— PROBLEM —
For the records below, print the lines from the line with "using assms" through the line with "by (rule Suc.IH)" exactly as written; include both end lines and exclude the rest.

____ EXERCISE DATA

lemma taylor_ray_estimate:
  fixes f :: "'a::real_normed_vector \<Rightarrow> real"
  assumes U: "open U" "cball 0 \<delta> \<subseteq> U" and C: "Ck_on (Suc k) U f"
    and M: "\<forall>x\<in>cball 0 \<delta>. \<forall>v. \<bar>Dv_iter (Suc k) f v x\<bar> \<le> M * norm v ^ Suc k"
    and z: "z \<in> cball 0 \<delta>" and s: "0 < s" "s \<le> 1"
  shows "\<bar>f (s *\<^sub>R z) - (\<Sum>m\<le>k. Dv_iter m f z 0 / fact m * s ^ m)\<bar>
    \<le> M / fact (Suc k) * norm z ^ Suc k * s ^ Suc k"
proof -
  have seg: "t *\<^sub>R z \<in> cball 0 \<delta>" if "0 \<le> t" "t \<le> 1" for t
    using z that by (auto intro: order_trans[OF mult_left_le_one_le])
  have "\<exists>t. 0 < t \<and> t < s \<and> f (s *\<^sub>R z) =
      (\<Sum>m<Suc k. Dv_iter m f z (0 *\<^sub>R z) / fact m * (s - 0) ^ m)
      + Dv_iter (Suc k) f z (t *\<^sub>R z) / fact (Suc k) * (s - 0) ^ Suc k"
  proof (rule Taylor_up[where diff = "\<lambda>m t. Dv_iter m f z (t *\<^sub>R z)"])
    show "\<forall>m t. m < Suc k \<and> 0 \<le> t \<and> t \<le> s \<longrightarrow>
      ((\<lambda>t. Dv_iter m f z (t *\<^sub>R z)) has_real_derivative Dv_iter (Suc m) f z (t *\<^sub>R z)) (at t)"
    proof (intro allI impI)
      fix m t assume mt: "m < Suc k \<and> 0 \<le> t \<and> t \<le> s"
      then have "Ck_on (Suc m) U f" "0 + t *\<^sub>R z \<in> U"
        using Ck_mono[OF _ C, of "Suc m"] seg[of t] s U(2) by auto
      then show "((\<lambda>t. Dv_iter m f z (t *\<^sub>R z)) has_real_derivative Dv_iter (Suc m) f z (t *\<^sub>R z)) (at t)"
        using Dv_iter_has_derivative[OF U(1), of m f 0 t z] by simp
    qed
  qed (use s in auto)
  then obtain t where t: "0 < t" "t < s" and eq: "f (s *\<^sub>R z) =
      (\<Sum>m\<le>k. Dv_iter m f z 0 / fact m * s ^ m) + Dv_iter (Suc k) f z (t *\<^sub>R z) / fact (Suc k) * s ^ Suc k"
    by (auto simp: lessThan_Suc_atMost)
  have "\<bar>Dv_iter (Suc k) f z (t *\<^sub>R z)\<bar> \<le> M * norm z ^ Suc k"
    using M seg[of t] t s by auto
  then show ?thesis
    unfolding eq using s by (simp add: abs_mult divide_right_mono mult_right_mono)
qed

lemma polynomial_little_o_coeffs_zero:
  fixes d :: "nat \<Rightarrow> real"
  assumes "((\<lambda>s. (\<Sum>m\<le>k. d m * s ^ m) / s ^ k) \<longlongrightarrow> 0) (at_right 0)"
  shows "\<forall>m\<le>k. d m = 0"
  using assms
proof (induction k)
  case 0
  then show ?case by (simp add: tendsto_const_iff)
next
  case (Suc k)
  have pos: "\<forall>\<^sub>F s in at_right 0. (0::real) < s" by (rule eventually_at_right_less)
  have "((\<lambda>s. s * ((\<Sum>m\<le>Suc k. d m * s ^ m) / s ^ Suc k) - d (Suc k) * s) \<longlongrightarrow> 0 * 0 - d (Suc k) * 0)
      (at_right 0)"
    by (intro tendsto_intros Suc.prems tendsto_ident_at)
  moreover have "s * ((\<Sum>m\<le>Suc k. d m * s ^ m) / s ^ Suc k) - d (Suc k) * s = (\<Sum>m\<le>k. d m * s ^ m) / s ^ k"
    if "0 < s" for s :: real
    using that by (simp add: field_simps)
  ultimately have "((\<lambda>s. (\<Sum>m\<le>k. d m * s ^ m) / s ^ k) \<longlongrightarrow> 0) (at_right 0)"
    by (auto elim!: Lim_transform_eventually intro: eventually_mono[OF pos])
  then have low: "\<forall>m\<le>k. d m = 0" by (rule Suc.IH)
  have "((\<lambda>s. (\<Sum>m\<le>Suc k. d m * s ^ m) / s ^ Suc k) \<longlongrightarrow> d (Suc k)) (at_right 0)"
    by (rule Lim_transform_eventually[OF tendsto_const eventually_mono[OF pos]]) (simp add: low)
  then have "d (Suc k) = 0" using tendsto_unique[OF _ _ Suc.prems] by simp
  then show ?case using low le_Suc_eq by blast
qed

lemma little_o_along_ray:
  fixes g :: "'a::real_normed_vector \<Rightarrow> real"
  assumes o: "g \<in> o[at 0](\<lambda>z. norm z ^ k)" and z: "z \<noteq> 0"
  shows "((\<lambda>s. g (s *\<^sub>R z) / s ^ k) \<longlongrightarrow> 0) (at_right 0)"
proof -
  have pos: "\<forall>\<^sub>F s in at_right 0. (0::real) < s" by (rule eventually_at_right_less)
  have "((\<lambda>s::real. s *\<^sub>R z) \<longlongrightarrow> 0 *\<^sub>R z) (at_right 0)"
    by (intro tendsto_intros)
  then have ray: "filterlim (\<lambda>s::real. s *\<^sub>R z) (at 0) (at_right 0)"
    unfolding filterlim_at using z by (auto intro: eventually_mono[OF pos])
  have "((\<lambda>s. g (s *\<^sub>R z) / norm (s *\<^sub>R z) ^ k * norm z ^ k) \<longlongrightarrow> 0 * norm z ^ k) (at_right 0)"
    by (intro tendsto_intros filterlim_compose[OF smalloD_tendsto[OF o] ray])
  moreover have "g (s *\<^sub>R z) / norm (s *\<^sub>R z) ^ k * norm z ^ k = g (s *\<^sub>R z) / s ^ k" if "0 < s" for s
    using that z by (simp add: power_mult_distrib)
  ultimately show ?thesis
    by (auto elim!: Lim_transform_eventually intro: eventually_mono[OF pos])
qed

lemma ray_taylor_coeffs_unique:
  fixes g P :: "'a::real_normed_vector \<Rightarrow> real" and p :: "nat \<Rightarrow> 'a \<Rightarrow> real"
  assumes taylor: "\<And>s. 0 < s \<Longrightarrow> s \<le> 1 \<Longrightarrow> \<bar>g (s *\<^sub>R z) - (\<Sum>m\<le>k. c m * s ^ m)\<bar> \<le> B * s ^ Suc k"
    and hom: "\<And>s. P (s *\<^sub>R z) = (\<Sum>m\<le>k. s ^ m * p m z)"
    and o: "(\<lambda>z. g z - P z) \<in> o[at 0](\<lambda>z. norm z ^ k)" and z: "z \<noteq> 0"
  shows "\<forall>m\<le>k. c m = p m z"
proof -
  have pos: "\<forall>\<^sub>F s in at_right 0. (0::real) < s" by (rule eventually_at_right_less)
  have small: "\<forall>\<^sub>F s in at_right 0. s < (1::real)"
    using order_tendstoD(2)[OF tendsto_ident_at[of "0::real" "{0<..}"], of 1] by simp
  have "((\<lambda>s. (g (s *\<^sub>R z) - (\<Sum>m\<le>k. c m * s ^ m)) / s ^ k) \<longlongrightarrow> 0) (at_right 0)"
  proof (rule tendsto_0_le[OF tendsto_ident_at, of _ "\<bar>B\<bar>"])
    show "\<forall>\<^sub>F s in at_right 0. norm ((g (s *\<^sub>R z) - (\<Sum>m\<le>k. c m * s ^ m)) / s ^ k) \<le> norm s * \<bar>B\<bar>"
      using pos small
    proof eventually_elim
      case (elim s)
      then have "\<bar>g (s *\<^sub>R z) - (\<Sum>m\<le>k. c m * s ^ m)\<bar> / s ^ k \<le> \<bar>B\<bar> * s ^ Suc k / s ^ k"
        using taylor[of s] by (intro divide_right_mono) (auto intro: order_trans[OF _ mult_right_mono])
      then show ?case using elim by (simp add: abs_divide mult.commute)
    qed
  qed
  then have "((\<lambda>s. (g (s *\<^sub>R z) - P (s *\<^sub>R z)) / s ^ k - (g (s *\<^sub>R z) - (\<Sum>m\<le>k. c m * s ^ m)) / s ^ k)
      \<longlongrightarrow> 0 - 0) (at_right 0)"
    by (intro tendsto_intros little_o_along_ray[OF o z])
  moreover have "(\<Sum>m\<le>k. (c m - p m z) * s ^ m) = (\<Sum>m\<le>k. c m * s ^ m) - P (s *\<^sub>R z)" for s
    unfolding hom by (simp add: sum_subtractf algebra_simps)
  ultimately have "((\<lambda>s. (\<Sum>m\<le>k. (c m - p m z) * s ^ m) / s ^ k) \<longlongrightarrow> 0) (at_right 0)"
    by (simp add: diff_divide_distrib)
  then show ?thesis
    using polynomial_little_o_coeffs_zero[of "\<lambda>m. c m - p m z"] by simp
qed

________

— WORKED SOLUTION —
  using assms
proof (induction k)
  case 0
  then show ?case by (simp add: tendsto_const_iff)
next
  case (Suc k)
  have pos: "\<forall>\<^sub>F s in at_right 0. (0::real) < s" by (rule eventually_at_right_less)
  have "((\<lambda>s. s * ((\<Sum>m\<le>Suc k. d m * s ^ m) / s ^ Suc k) - d (Suc k) * s) \<longlongrightarrow> 0 * 0 - d (Suc k) * 0)
      (at_right 0)"
    by (intro tendsto_intros Suc.prems tendsto_ident_at)
  moreover have "s * ((\<Sum>m\<le>Suc k. d m * s ^ m) / s ^ Suc k) - d (Suc k) * s = (\<Sum>m\<le>k. d m * s ^ m) / s ^ k"
    if "0 < s" for s :: real
    using that by (simp add: field_simps)
  ultimately have "((\<lambda>s. (\<Sum>m\<le>k. d m * s ^ m) / s ^ k) \<longlongrightarrow> 0) (at_right 0)"
    by (auto elim!: Lim_transform_eventually intro: eventually_mono[OF pos])
  then have low: "\<forall>m\<le>k. d m = 0" by (rule Suc.IH)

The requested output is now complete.